GOAL OF THE EXERCISE → Write down each entry precisely as given.

(Source data)
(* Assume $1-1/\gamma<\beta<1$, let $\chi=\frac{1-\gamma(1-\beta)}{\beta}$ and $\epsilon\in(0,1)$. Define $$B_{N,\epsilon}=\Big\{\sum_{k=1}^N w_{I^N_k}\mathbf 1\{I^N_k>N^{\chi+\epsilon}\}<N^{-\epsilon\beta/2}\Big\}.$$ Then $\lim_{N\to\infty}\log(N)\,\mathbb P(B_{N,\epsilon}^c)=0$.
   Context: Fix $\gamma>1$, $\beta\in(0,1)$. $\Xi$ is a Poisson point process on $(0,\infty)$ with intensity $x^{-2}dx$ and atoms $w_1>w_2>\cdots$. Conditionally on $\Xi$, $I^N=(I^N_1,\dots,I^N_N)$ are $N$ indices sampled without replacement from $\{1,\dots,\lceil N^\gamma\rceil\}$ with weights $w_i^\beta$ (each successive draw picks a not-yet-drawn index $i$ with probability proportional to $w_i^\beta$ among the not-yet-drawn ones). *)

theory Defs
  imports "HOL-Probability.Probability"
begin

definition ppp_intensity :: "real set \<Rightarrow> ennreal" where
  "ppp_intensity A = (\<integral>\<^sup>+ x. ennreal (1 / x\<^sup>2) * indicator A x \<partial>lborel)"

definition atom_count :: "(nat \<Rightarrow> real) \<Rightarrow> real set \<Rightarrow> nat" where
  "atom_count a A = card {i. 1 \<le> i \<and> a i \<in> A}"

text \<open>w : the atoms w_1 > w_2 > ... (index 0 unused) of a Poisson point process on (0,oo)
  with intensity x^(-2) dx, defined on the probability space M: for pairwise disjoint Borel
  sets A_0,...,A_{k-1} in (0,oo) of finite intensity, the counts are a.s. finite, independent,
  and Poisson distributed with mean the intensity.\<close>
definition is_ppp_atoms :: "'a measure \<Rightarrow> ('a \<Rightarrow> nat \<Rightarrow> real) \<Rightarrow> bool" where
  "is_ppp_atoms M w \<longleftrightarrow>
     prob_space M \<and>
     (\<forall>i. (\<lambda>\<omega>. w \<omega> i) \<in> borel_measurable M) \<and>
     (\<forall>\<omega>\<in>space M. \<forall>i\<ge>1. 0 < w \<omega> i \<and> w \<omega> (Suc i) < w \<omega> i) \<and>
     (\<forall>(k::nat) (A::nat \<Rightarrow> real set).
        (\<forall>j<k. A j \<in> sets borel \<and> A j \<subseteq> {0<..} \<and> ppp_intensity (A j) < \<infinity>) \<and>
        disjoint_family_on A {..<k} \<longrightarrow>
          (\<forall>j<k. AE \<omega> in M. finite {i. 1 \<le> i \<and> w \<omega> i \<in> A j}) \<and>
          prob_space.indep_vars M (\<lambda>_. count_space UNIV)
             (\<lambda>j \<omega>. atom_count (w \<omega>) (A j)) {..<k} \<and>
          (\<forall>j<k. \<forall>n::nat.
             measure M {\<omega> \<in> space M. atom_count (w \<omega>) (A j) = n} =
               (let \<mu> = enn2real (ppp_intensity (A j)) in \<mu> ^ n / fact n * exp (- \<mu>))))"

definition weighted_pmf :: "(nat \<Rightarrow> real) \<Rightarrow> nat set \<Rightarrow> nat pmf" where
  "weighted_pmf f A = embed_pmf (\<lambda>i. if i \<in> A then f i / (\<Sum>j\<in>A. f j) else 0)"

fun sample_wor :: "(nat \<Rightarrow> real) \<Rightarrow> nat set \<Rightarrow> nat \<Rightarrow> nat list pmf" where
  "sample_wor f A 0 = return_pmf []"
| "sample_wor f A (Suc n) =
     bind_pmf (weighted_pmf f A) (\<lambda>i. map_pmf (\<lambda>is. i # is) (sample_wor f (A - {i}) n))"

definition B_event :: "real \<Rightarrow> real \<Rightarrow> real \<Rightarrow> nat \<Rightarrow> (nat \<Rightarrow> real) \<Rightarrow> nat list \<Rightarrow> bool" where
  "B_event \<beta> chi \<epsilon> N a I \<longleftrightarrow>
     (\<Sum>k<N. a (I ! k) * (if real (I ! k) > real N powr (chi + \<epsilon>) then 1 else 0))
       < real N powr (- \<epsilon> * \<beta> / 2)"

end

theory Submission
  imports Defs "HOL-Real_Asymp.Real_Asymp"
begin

SOLVED PROBLEM →
(* Assume $1-1/\gamma<\beta<1$, let $\chi=\frac{1-\gamma(1-\beta)}{\beta}$ and $\epsilon\in(0,1)$. Define $$B_{N,\epsilon}=\Big\{\sum_{k=1}^N w_{I^N_k}\mathbf 1\{I^N_k>N^{\chi+\epsilon}\}<N^{-\epsilon\beta/2}\Big\}.$$ Then $\lim_{N\to\infty}\log(N)\,\mathbb P(B_{N,\epsilon}^c)=0$.
   Context: Fix $\gamma>1$, $\beta\in(0,1)$. $\Xi$ is a Poisson point process on $(0,\infty)$ with intensity $x^{-2}dx$ and atoms $w_1>w_2>\cdots$. Conditionally on $\Xi$, $I^N=(I^N_1,\dots,I^N_N)$ are $N$ indices sampled without replacement from $\{1,\dots,\lceil N^\gamma\rceil\}$ with weights $w_i^\beta$ (each successive draw picks a not-yet-drawn index $i$ with probability proportional to $w_i^\beta$ among the not-yet-drawn ones). *)

theory Defs
  imports "HOL-Probability.Probability"
begin

definition ppp_intensity :: "real set \<Rightarrow> ennreal" where
  "ppp_intensity A = (\<integral>\<^sup>+ x. ennreal (1 / x\<^sup>2) * indicator A x \<partial>lborel)"

definition atom_count :: "(nat \<Rightarrow> real) \<Rightarrow> real set \<Rightarrow> nat" where
  "atom_count a A = card {i. 1 \<le> i \<and> a i \<in> A}"

text \<open>w : the atoms w_1 > w_2 > ... (index 0 unused) of a Poisson point process on (0,oo)
  with intensity x^(-2) dx, defined on the probability space M: for pairwise disjoint Borel
  sets A_0,...,A_{k-1} in (0,oo) of finite intensity, the counts are a.s. finite, independent,
  and Poisson distributed with mean the intensity.\<close>
definition is_ppp_atoms :: "'a measure \<Rightarrow> ('a \<Rightarrow> nat \<Rightarrow> real) \<Rightarrow> bool" where
  "is_ppp_atoms M w \<longleftrightarrow>
     prob_space M \<and>
     (\<forall>i. (\<lambda>\<omega>. w \<omega> i) \<in> borel_measurable M) \<and>
     (\<forall>\<omega>\<in>space M. \<forall>i\<ge>1. 0 < w \<omega> i \<and> w \<omega> (Suc i) < w \<omega> i) \<and>
     (\<forall>(k::nat) (A::nat \<Rightarrow> real set).
        (\<forall>j<k. A j \<in> sets borel \<and> A j \<subseteq> {0<..} \<and> ppp_intensity (A j) < \<infinity>) \<and>
        disjoint_family_on A {..<k} \<longrightarrow>
          (\<forall>j<k. AE \<omega> in M. finite {i. 1 \<le> i \<and> w \<omega> i \<in> A j}) \<and>
          prob_space.indep_vars M (\<lambda>_. count_space UNIV)
             (\<lambda>j \<omega>. atom_count (w \<omega>) (A j)) {..<k} \<and>
          (\<forall>j<k. \<forall>n::nat.
             measure M {\<omega> \<in> space M. atom_count (w \<omega>) (A j) = n} =
               (let \<mu> = enn2real (ppp_intensity (A j)) in \<mu> ^ n / fact n * exp (- \<mu>))))"

definition weighted_pmf :: "(nat \<Rightarrow> real) \<Rightarrow> nat set \<Rightarrow> nat pmf" where
  "weighted_pmf f A = embed_pmf (\<lambda>i. if i \<in> A then f i / (\<Sum>j\<in>A. f j) else 0)"

fun sample_wor :: "(nat \<Rightarrow> real) \<Rightarrow> nat set \<Rightarrow> nat \<Rightarrow> nat list pmf" where
  "sample_wor f A 0 = return_pmf []"
| "sample_wor f A (Suc n) =
     bind_pmf (weighted_pmf f A) (\<lambda>i. map_pmf (\<lambda>is. i # is) (sample_wor f (A - {i}) n))"

definition B_event :: "real \<Rightarrow> real \<Rightarrow> real \<Rightarrow> nat \<Rightarrow> (nat \<Rightarrow> real) \<Rightarrow> nat list \<Rightarrow> bool" where
  "B_event \<beta> chi \<epsilon> N a I \<longleftrightarrow>
     (\<Sum>k<N. a (I ! k) * (if real (I ! k) > real N powr (chi + \<epsilon>) then 1 else 0))
       < real N powr (- \<epsilon> * \<beta> / 2)"

end

theory Submission
  imports Defs "HOL-Real_Asymp.Real_Asymp"
begin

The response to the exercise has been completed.